The input:
......

(* For $D\in\mathbb N$ let $H_D:=\{\sum_{n=-D}^Da_ne_n:\ a_n\in\mathbb C\}$. Let $\gamma,\omega\in\mathbb R$, $\beta\in\mathbb C$. Then every $H_D$ is invariant for both equations $$\partial_t\widehat w=(1+i\gamma)\partial_x^2\widehat w+\beta\widehat w-(1+i\omega)N(\widehat w)\quad\text{and}\quad\partial_t\widehat w=\partial_x^2\widehat w+\beta\widehat w-(1+i\omega)M(\widehat w),$$ and their global attractors satisfy $\widehat{\mathcal A}_{GL1}\subset H_D$, $\widehat{\mathcal A}_{GL2}\subset H_D$ provided $D=D(\beta,\omega)$ is large enough. In particular, for the second equation one may take $D=[\sqrt{\operatorname{Re}\beta}]+1$ (where $[z]$ is the integer part), and its global attractor is trivial if $\operatorname{Re}\beta<0$.
   Context: $e_n=e^{inx}$, $w=\sum_nw_ne_n$; $H=L^2_{per}(-\pi,\pi)$ complex-valued, $\|w\|_H^2=\sum|w_n|^2$; $[w,v]=\sum_nw_nv_{-n}$. $N(w)=\big(2w_0(\|w\|^2_H-|w_0|^2)+\bar w_0[w,w]\big)e_0+\sum_{n\ne0}\big(w_n(2\|w\|^2_H-|w_n|^2-2|w_{-n}|^2)+\bar w_{-n}[w,w]\big)e_n$, $M(w)=\sum_nw_n(2\|w\|_H^2-|w_n|^2)e_n$. $\widehat{\mathcal A}_{GL1}$, $\widehat{\mathcal A}_{GL2}$ denote the global attractors in $H$ of the first and second equation respectively. *)

theory Defs
  imports "HOL-Analysis.Analysis"
begin

text \<open>Elements of H = L^2_per(-pi,pi) are represented by their Fourier
coefficient sequences w :: int \<Rightarrow> complex (w n is the coefficient of e_n).\<close>

type_synonym fseq = "int \<Rightarrow> complex"

definition inH :: "fseq \<Rightarrow> bool" where
  "inH w \<longleftrightarrow> (\<lambda>n. (norm (w n))\<^sup>2) summable_on UNIV"

definition Hnorm2 :: "fseq \<Rightarrow> real" where
  "Hnorm2 w = (\<Sum>\<^sub>\<infinity>n. (norm (w n))\<^sup>2)"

......

Activity: Check the listing above for lines containing the string "complex", and copy each one.

Result below:
   Context: $e_n=e^{inx}$, $w=\sum_nw_ne_n$; $H=L^2_{per}(-\pi,\pi)$ complex-valued, $\|w\|_H^2=\sum|w_n|^2$; $[w,v]=\sum_nw_nv_{-n}$. $N(w)=\big(2w_0(\|w\|^2_H-|w_0|^2)+\bar w_0[w,w]\big)e_0+\sum_{n\ne0}\big(w_n(2\|w\|^2_H-|w_n|^2-2|w_{-n}|^2)+\bar w_{-n}[w,w]\big)e_n$, $M(w)=\sum_nw_n(2\|w\|_H^2-|w_n|^2)e_n$. $\widehat{\mathcal A}_{GL1}$, $\widehat{\mathcal A}_{GL2}$ denote the global attractors in $H$ of the first and second equation respectively. *)
coefficient sequences w :: int \<Rightarrow> complex (w n is the coefficient of e_n).\<close>
type_synonym fseq = "int \<Rightarrow> complex"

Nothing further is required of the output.